You either figure out what the problem is and seek to settle the issues or understand you won't see your grandson.
 

CTU

Meddlesome Priestess
my grandson is two. up until this happened. i was up there every other month just to visit. we got together for christmas (before this) and i went to my daughter-in-laws family, family reunion. they also came down to visit with us on a regular basis. when he was under a year, my grandson had an infection that did not allow him to go to daycare, so me and my daughter-in-laws mother took turns caring for him a week at a time every other week for about a month and a half.

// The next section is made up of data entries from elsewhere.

(* Let $\mu\in\mathbb{R}$, $\sigma>0$, and let $0<\alpha<\beta<1$, $0\le h_1\le h_2<1$. Put $k_1=\frac{h_2-h_1}{\beta-\alpha}$, $k_2=\frac{h_1}{1-\beta}$, $k_3=\frac{1-h_2}{\alpha}$. Then: (i) If ($k_2\ge k_1$ and $h_2\ge 1-\alpha$) or ($\max\{k_2,k_3\}<k_1$ and $k_2\ge 1$), then $\inf_{X\in V(\mu,\sigma)}\rho_{\mathcal{K}^{h_1,h_2}_{\beta,\alpha}}[X]=\mu$. (ii) If $k_2\ge k_1$ and $h_2<1-\alpha$, then $\inf_{X\in V(\mu,\sigma)}\rho_{\mathcal{K}^{h_1,h_2}_{\beta,\alpha}}[X]=\mu+\sigma\frac{h_2-1+\alpha}{\sqrt{\alpha(1-\alpha)}}$. (iii) If $k_3>k_1>k_2$, then $\inf_{X\in V(\mu,\sigma)}\rho_{\mathcal{K}^{h_1,h_2}_{\beta,\alpha}}[X]=\mu-\sigma\sqrt{\xi}$, where $$\xi=\frac{(1-h_2-\alpha)^2}{\alpha}+\frac{(h_2-h_1-\beta+\alpha)^2}{\beta-\alpha}+\frac{(h_1-1+\beta)^2}{1-\beta}.$$ (iv) If $k_3=k_1>k_2$, or if $\max\{k_2,k_3\}<k_1$ and $k_2<1$, then $\inf_{X\in V(\mu,\sigma)}\rho_{\mathcal{K}^{h_1,h_2}_{\beta,\alpha}}[X]=\mu+\sigma\frac{h_1-1+\beta}{\sqrt{\beta(1-\beta)}}$.
   Context: All random variables are square-integrable on a common probability space. For a distortion function $h$ (nondecreasing on $[0,1]$ with $h(0)=0$, $h(1)=1$) the distortion risk measure of $X$ is the Choquet integral $\rho_h[X]=\int_0^\infty h(\bar F_X(x))\,dx+\int_{-\infty}^0\big(h(\bar F_X(x))-1\big)\,dx$, where $\bar F_X(x)=\mathbb{P}(X>x)$. For $0<\alpha<\beta<1$ and $0\le h_1\le h_2<1$, the GlueVaR distortion function is $\mathcal{K}^{h_1,h_2}_{\beta,\alpha}(p)=\frac{h_1p}{1-\beta}$ for $p\in[0,1-\beta)$, $\mathcal{K}^{h_1,h_2}_{\beta,\alpha}(p)=h_1+\frac{(h_2-h_1)(p-(1-\beta))}{\beta-\alpha}$ for $p\in[1-\beta,1-\alpha)$, and $\mathcal{K}^{h_1,h_2}_{\beta,\alpha}(p)=1$ for $p\in[1-\alpha,1]$. $V(\mu,\sigma)$ denotes the set of random variables $X$ with $\mathbb{E}X=\mu$ and $\mathrm{Var}(X)=\sigma^2$. *)

theory Defs
  imports "HOL-Probability.Probability"
begin

definition distortion_rm :: "'a measure \<Rightarrow> (real \<Rightarrow> real) \<Rightarrow> ('a \<Rightarrow> real) \<Rightarrow> real" where
  "distortion_rm M h X =
     (LINT x:{0..}|lborel. h (measure M {\<omega> \<in> space M. X \<omega> > x}))
   + (LINT x:{..<0}|lborel. h (measure M {\<omega> \<in> space M. X \<omega> > x}) - 1)"

definition gluevar :: "real \<Rightarrow> real \<Rightarrow> real \<Rightarrow> real \<Rightarrow> real \<Rightarrow> real" where
  "gluevar h1 h2 \<beta> \<alpha> p =
     (if p < 1 - \<beta> then h1 * p / (1 - \<beta>)
      else if p < 1 - \<alpha> then h1 + (h2 - h1) * (p - (1 - \<beta>)) / (\<beta> - \<alpha>)
      else 1)"

definition Vset :: "'a measure \<Rightarrow> real \<Rightarrow> real \<Rightarrow> ('a \<Rightarrow> real) set" where
  "Vset M \<mu> \<sigma> = {X. X \<in> borel_measurable M \<and> integrable M (\<lambda>\<omega>. (X \<omega>)\<^sup>2)
      \<and> (\<integral>\<omega>. X \<omega> \<partial>M) = \<mu> \<and> (\<integral>\<omega>. (X \<omega> - \<mu>)\<^sup>2 \<partial>M) = \<sigma>\<^sup>2}"

definition atomless :: "'a measure \<Rightarrow> bool" where
  "atomless M \<longleftrightarrow> (\<forall>A\<in>sets M. measure M A > 0 \<longrightarrow>
      (\<exists>B\<in>sets M. B \<subseteq> A \<and> 0 < measure M B \<and> measure M B < measure M A))"

end

theory Submission
  imports Defs
begin

text \<open>Write \<open>\<rho>\<^sub>g[X] = E X + \<integral> (g(S(x)) - S(x)) dx\<close> with \<open>S\<close> the survival function of \<open>X\<close>. Affine
  minorants of \<open>g(p) - p\<close>, used on the regions \<open>x \<ge> t\<^sub>1\<close>, \<open>t\<^sub>2 \<le> x < t\<^sub>1\<close> and \<open>x < t\<^sub>2\<close>, bound
  \<open>\<rho>\<^sub>g[X]\<close> below by \<open>E X + E \<Phi>(X)\<close> with \<open>\<Phi>\<close> piecewise linear. Completing the square gives
  \<open>\<Phi>(y) \<ge> -c V/2 - (y - \<mu>)\<^sup>2/(2c)\<close>, and optimising \<open>c\<close> yields \<open>\<mu> - \<sigma> \<parallel>\<psi>'\<parallel>\<^sub>2\<close> for the convex
  piecewise linear minorant \<open>\<psi>\<close> of \<open>g(p) - p\<close>. For GlueVaR this minorant has at most three
  pieces, with kinks at \<open>1 - \<beta>\<close> and \<open>1 - \<alpha>\<close>, and three-point distributions, which exist with any
  prescribed masses because the space is atomless, attain the bound or, owing to the jump of the
  distortion at \<open>1 - \<alpha>\<close>, approach it.\<close>

section \<open>Atomless probability spaces\<close>

lemma (in prob_space) atomless_obtain_small:
  assumes "atomless M" and A: "A \<in> sets M" "measure M A > 0" and "\<delta> > 0"
  obtains B where "B \<in> sets M" "B \<subseteq> A" "0 < measure M B" "measure M B \<le> \<delta>"
proof -
  have halving: "\<exists>B\<in>sets M. B \<subseteq> A \<and> 0 < measure M B \<and> measure M B \<le> measure M A * (1/2)^n" for n
  proof (induction n)
    case 0
    then show ?case using A by auto
  next
    case (Suc n)
    then obtain B where B: "B \<in> sets M" "B \<subseteq> A" "0 < measure M B" "measure M B \<le> measure M A * (1/2)^n"
      by blast
    with \<open>atomless M\<close> obtain C where C: "C \<in> sets M" "C \<subseteq> B" "0 < measure M C" "measure M C < measure M B"
      unfolding atomless_def by blast
    have "measure M (B - C) = measure M B - measure M C"
      using B C by (simp add: finite_measure_Diff)
    then show ?case
    proof (cases "measure M C \<le> measure M B / 2")
      case True
      then show ?thesis using B C by (intro bexI[of _ C]) auto
    next
      case False
      then show ?thesis using B C \<open>measure M (B - C) = _\<close> by (intro bexI[of _ "B - C"]) auto
    qed
  qed
  obtain n where "(1/2::real)^n < \<delta> / measure M A"
    using real_arch_pow_inv[of "\<delta> / measure M A" "1/2"] A \<open>\<delta> > 0\<close> by auto
  then have "measure M A * (1/2)^n \<le> \<delta>"
    using A by (simp add: field_simps)
  then show ?thesis
    using halving[of n] that by force
qed

lemma exists_ge_half_Sup:
  fixes S :: "real set"
  assumes "bdd_above S" "x \<in> S" "0 \<le> x"
  shows "\<exists>y\<in>S. Sup S / 2 \<le> y"
proof (cases "Sup S \<le> 0")
  case True
  then show ?thesis using assms by force
next
  case False
  then have "Sup S / 2 < Sup S" by simp
  then show ?thesis
    using assms by (subst (asm) less_cSup_iff) (auto intro: less_imp_le)
qed

text \<open>Greedy exhaustion: each stage adds a set of measure at least half the supremum of what may
  still be added, so these increments tend to \<open>0\<close> and bound every admissible remainder.\<close>

lemma (in prob_space) obtain_saturated_subset:
  assumes A: "A \<in> sets M" and t: "0 \<le> t"
  obtains B where "B \<in> sets M" "B \<subseteq> A" "measure M B \<le> t"
    "\<And>C. C \<in> sets M \<Longrightarrow> C \<subseteq> A - B \<Longrightarrow> measure M C \<le> t - measure M B \<Longrightarrow> measure M C = 0"
proof -
  define adm where "adm B C \<longleftrightarrow> C \<in> sets M \<and> C \<subseteq> A - B \<and> measure M C \<le> t - measure M B" for B C
  define next_set where
    "next_set B = (SOME C. adm B C \<and> Sup (measure M ` {C. adm B C}) / 2 \<le> measure M C)" for B
  have bdd: "bdd_above (measure M ` {C. adm B C})" for B
    by (rule bdd_aboveI[of _ 1]) auto
  have next_set: "adm B (next_set B) \<and> Sup (measure M ` {C. adm B C}) / 2 \<le> measure M (next_set B)"
    if "measure M B \<le> t" for B
  proof -
    have "adm B {}" using that unfolding adm_def by auto
    then have "0 \<in> measure M ` {C. adm B C}"
      by (intro image_eqI[of _ _ "{}"]) simp_all
    then have "\<exists>y\<in>measure M ` {C. adm B C}. Sup (measure M ` {C. adm B C}) / 2 \<le> y"
      by (rule exists_ge_half_Sup[OF bdd]) simp
    then have "\<exists>C. adm B C \<and> Sup (measure M ` {C. adm B C}) / 2 \<le> measure M C"
      by blast
    then show ?thesis unfolding next_set_def by (rule someI_ex)
  qed
  define Bs where "Bs = rec_nat {} (\<lambda>_ B. B \<union> next_set B)"
  have Bs_0: "Bs 0 = {}" and Bs_Suc: "Bs (Suc n) = Bs n \<union> next_set (Bs n)" for n
    unfolding Bs_def by simp_all
  have Bs: "Bs n \<in> sets M \<and> Bs n \<subseteq> A \<and> measure M (Bs n) \<le> t" for n
  proof (induction n)
    case 0
    then show ?case using t by (simp add: Bs_0)
  next
    case (Suc n)
    then have "adm (Bs n) (next_set (Bs n))" using next_set by blast
    moreover from this Suc have "measure M (Bs (Suc n)) = measure M (Bs n) + measure M (next_set (Bs n))"
      unfolding adm_def Bs_Suc by (intro finite_measure_Union) auto
    ultimately show ?case using Suc unfolding adm_def Bs_Suc by auto
  qed
  have measure_Bs_Suc: "measure M (Bs (Suc n)) = measure M (Bs n) + measure M (next_set (Bs n))" for n
    using next_set[of "Bs n"] Bs[of n] unfolding adm_def Bs_Suc by (intro finite_measure_Union) auto
  define B where "B = (\<Union>n. Bs n)"
  have B: "B \<in> sets M" "B \<subseteq> A" unfolding B_def using Bs by auto
  have lim: "(\<lambda>n. measure M (Bs n)) \<longlonglongrightarrow> measure M B"
    unfolding B_def using Bs by (intro finite_Lim_measure_incseq) (auto simp: incseq_Suc_iff Bs_Suc)
  have Bs_le_B: "measure M (Bs n) \<le> measure M B" for n
    unfolding B_def using Bs by (intro finite_measure_mono) auto
  have "(\<lambda>n. measure M (Bs (Suc n)) - measure M (Bs n)) \<longlonglongrightarrow> measure M B - measure M B"
    using lim by (intro tendsto_diff LIMSEQ_Suc)
  then have next_set_to_0: "(\<lambda>n. measure M (next_set (Bs n))) \<longlonglongrightarrow> 0"
    by (simp add: measure_Bs_Suc)
  show ?thesis
  proof (rule that[OF B])
    show "measure M B \<le> t"
      using lim Bs by (intro LIMSEQ_le_const2) auto
    fix C assume C: "C \<in> sets M" "C \<subseteq> A - B" "measure M C \<le> t - measure M B"
    have "measure M C / 2 \<le> measure M (next_set (Bs n))" for n
    proof -
      have "adm (Bs n) C" unfolding adm_def using C Bs_le_B[of n] B_def by auto
      then have "measure M C \<le> Sup (measure M ` {C. adm (Bs n) C})" by (intro cSup_upper bdd) auto
      then show ?thesis using next_set[of "Bs n"] Bs[of n] by auto
    qed
    then have "measure M C / 2 \<le> 0"
      using next_set_to_0 by (intro LIMSEQ_le_const) auto
    then show "measure M C = 0" using measure_nonneg[of M C] by simp
  qed
qed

why do you say i sound overbearing?
I'm sorry, but your chances of getting court ordered visitation are a little less than zero; you would not be able to show that there is an established relationship with your grandson (it would take a LOT more than seeing him once every other month and sporadically before that, and at his age you'd need to show he was basically living with you his whole life).

The reason I said what I did might be more apparent if I were to ask you to re-read your posts again. This time, look at how many times you focused on how you felt, versus the parents of your grandchild. If you're a grandparent, your role is to basically kiss the behinds of the parents if you want to have a relationship with your grandchildren. That means not showing your disapproval, and not challenging their decisions. It's not your place to do so. Y'know?

(And trust me, I get it - four times over, I get it :) )
 

CTU

Meddlesome Priestess
THank you again for your advice and insight. really appreciate it.
From one grandparent to another, good luck. Kissing butt is a much under-valued tool, and we all get rusty from time to time.